Structural distortion, piezoelectric properties, and electric resistivity of A-site substituted Bi3TiNbO9-based high-temperature piezoceramics

High-temperature piezoceramics Bi3-xCexTiNbO9+delta (BCTN-100x, x=0, 0.02, 0.04, 0.06, 0.07, 0.08, 0.10) were prepared by a solid-state reaction method. The crystal structure, microstructure, dielectric behaviour, piezoelectricity, temperature stability and electrical conduction mechanisms of BCTN-100x ceramics were studied. All Ce-doped Bi3TiNBO9 ceramics had a single Aurivillius phase structure. Ce substitution influenced the crystal structure, leading to a high piezoelectric constant (d(33) = 17 pC/N) but decreasing the Curie temperature slightly (T-C = 883 degrees C).
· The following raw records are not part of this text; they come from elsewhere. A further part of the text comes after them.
lemma coord_idx_bij: "bij_betw (coord_idx :: 'n::finite \<Rightarrow> nat) UNIV {..<CARD('n)}"
proof -
  have "\<exists>f. bij_betw f (UNIV :: 'n set) {..<CARD('n)}"
    using ex_bij_betw_finite_nat[of "UNIV :: 'n set"] by (simp add: atLeast0LessThan)
  then show ?thesis unfolding coord_idx_def by (rule someI_ex)
qed

lemma coord_idx_lt: "coord_idx (j :: 'n::finite) < CARD('n)"
  using coord_idx_bij[where 'n='n] by (auto simp: bij_betw_def)

lemma coord_idx_inj: "coord_idx (j :: 'n::finite) = coord_idx k \<longleftrightarrow> j = k"
  using coord_idx_bij[where 'n='n] by (auto simp: bij_betw_def inj_on_def)

lemma sum_coord: "(\<Sum>j\<in>(UNIV :: 'n::finite set). f (coord_idx j)) = (\<Sum>i<CARD('n). f i)"
  using sum.reindex_bij_betw[OF coord_idx_bij[where 'n='n], of f] by simp

lemma qvec_nth: "(qvec v :: real ^ 'n::finite) $ j = rval (qcoord v (coord_idx j))"
  unfolding qvec_def qcoord_def rval_rtriple_of_code nthd_decode by (simp add: Let_def)

lemma dist_sq: "dist (u :: real ^ 'n::finite) w ^ 2 = (\<Sum>j\<in>UNIV. (u $ j - w $ j)^2)"
  unfolding dist_vec_def L2_set_def by (simp add: sum_nonneg dist_real_def)

lemma rval_rdist2: "rval (rdist2 CARD('n::finite) v w) = dist (qvec v :: real ^ 'n) (qvec w) ^ 2"
  unfolding dist_sq rdist2_def rval_rsumsq qvec_nth
  using sum_coord[of "\<lambda>i. (rval (qcoord v i) - rval (qcoord w i))^2", where 'n='n] by simp

definition grid_vec :: "nat \<Rightarrow> nat \<Rightarrow> nat \<Rightarrow> real ^ 'n::finite" where
  "grid_vec u M g = (\<chi> j. rval (gcoord u M g (coord_idx j)))"

lemma rval_rdist2_grid:
  "rval (rdist2_grid CARD('n::finite) u M g w) = dist (grid_vec u M g :: real ^ 'n) (qvec w) ^ 2"
  unfolding dist_sq rdist2_grid_def rval_rsumsq qvec_nth grid_vec_def
  using sum_coord[of "\<lambda>i. (rval (gcoord u M g i) - rval (qcoord w i))^2", where 'n='n] by simp

lemma rsqrt_le_rdist2 [simp]:
  "rsqrt_le (rdist2 CARD('n::finite) v w) r \<longleftrightarrow> dist (qvec v :: real ^ 'n) (qvec w) \<le> rval r"
  by (rule rsqrt_le_iff[OF rval_rdist2 zero_le_dist])

lemma rsqrt_lt_rdist2 [simp]:
  "rsqrt_lt (rdist2 CARD('n::finite) v w) r \<longleftrightarrow> dist (qvec v :: real ^ 'n) (qvec w) < rval r"
  by (rule rsqrt_lt_iff[OF rval_rdist2 zero_le_dist])

lemma rsqrt_le_rdist2_grid [simp]:
  "rsqrt_le (rdist2_grid CARD('n::finite) u M g w) r \<longleftrightarrow> dist (grid_vec u M g :: real ^ 'n) (qvec w) \<le> rval r"
  by (rule rsqrt_le_iff[OF rval_rdist2_grid zero_le_dist])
The resistivity of Ce-doped BTN ceramics increased by two orders of magnitude compared with that of the pure BTN. Furthermore, the dc and ac conduction mechanisms were studied, indicating that the conduction mechanism is closely related to temperature for dc and ac conduction behaviour. In addition, we analysed the dielectric relaxation processes and attributed them to the motion of oxygen vacancies, which deviates from the ideal Debye-model.